**Assignment:**
Could you give back the whole listing exactly as written?

**Given data:**
lemma singular_column_extension_imp_relation:
  fixes \<chi> :: "nat \<Rightarrow> 'g \<Rightarrow> 'c::comm_ring_1"
  assumes D: "det (mat n n (\<lambda>(i, j). \<chi> i (a j))) \<noteq> 0"
    and Z: "\<And>x. det (mat (Suc n) (Suc n) (\<lambda>(i, j). \<chi> i (if j < n then a j else x))) = 0"
  obtains C where "C n \<noteq> 0" and "\<And>x. (\<Sum>i<Suc n. C i * \<chi> i x) = 0"
proof -
  define A where "A x = mat (Suc n) (Suc n) (\<lambda>(i, j). \<chi> i (if j < n then a j else x))" for x
  define C where "C i = cofactor (A undefined) i n" for i
  have minor: "mat_delete (A x) i n = mat_delete (A undefined) i n" for x i
    unfolding A_def mat_delete_def by (rule eq_matI) auto
  have "mat_delete (A undefined) n n = mat n n (\<lambda>(i, j). \<chi> i (a j))"
    unfolding A_def mat_delete_def by (rule eq_matI) auto
  then have "C n \<noteq> 0"
    using D by (simp add: C_def cofactor_def power_add[symmetric] mult_2[symmetric])
  moreover have "(\<Sum>i<Suc n. C i * \<chi> i x) = 0" for x
  proof -
    have entry: "A x $$ (i, n) = \<chi> i x" if "i < Suc n" for i
      using that by (simp add: A_def)
    have "0 = det (A x)" using Z by (simp add: A_def)
    also have "\<dots> = (\<Sum>i<Suc n. A x $$ (i, n) * cofactor (A x) i n)"
      by (rule laplace_expansion_column) (auto simp: A_def)
    also have "\<dots> = (\<Sum>i<Suc n. C i * \<chi> i x)"
      by (rule sum.cong) (auto simp: entry C_def cofactor_def minor[of x] mult.commute)
    finally show ?thesis by simp
  qed
  ultimately show thesis by (rule that)
qed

**Result of the exercise:**
lemma singular_column_extension_imp_relation:
  fixes \<chi> :: "nat \<Rightarrow> 'g \<Rightarrow> 'c::comm_ring_1"
  assumes D: "det (mat n n (\<lambda>(i, j). \<chi> i (a j))) \<noteq> 0"
    and Z: "\<And>x. det (mat (Suc n) (Suc n) (\<lambda>(i, j). \<chi> i (if j < n then a j else x))) = 0"
  obtains C where "C n \<noteq> 0" and "\<And>x. (\<Sum>i<Suc n. C i * \<chi> i x) = 0"
proof -
  define A where "A x = mat (Suc n) (Suc n) (\<lambda>(i, j). \<chi> i (if j < n then a j else x))" for x
  define C where "C i = cofactor (A undefined) i n" for i
  have minor: "mat_delete (A x) i n = mat_delete (A undefined) i n" for x i
    unfolding A_def mat_delete_def by (rule eq_matI) auto
  have "mat_delete (A undefined) n n = mat n n (\<lambda>(i, j). \<chi> i (a j))"
    unfolding A_def mat_delete_def by (rule eq_matI) auto
  then have "C n \<noteq> 0"
    using D by (simp add: C_def cofactor_def power_add[symmetric] mult_2[symmetric])
  moreover have "(\<Sum>i<Suc n. C i * \<chi> i x) = 0" for x
  proof -
    have entry: "A x $$ (i, n) = \<chi> i x" if "i < Suc n" for i
      using that by (simp add: A_def)
    have "0 = det (A x)" using Z by (simp add: A_def)
    also have "\<dots> = (\<Sum>i<Suc n. A x $$ (i, n) * cofactor (A x) i n)"
      by (rule laplace_expansion_column) (auto simp: A_def)
    also have "\<dots> = (\<Sum>i<Suc n. C i * \<chi> i x)"
      by (rule sum.cong) (auto simp: entry C_def cofactor_def minor[of x] mult.commute)
    finally show ?thesis by simp
  qed
  ultimately show thesis by (rule that)
qed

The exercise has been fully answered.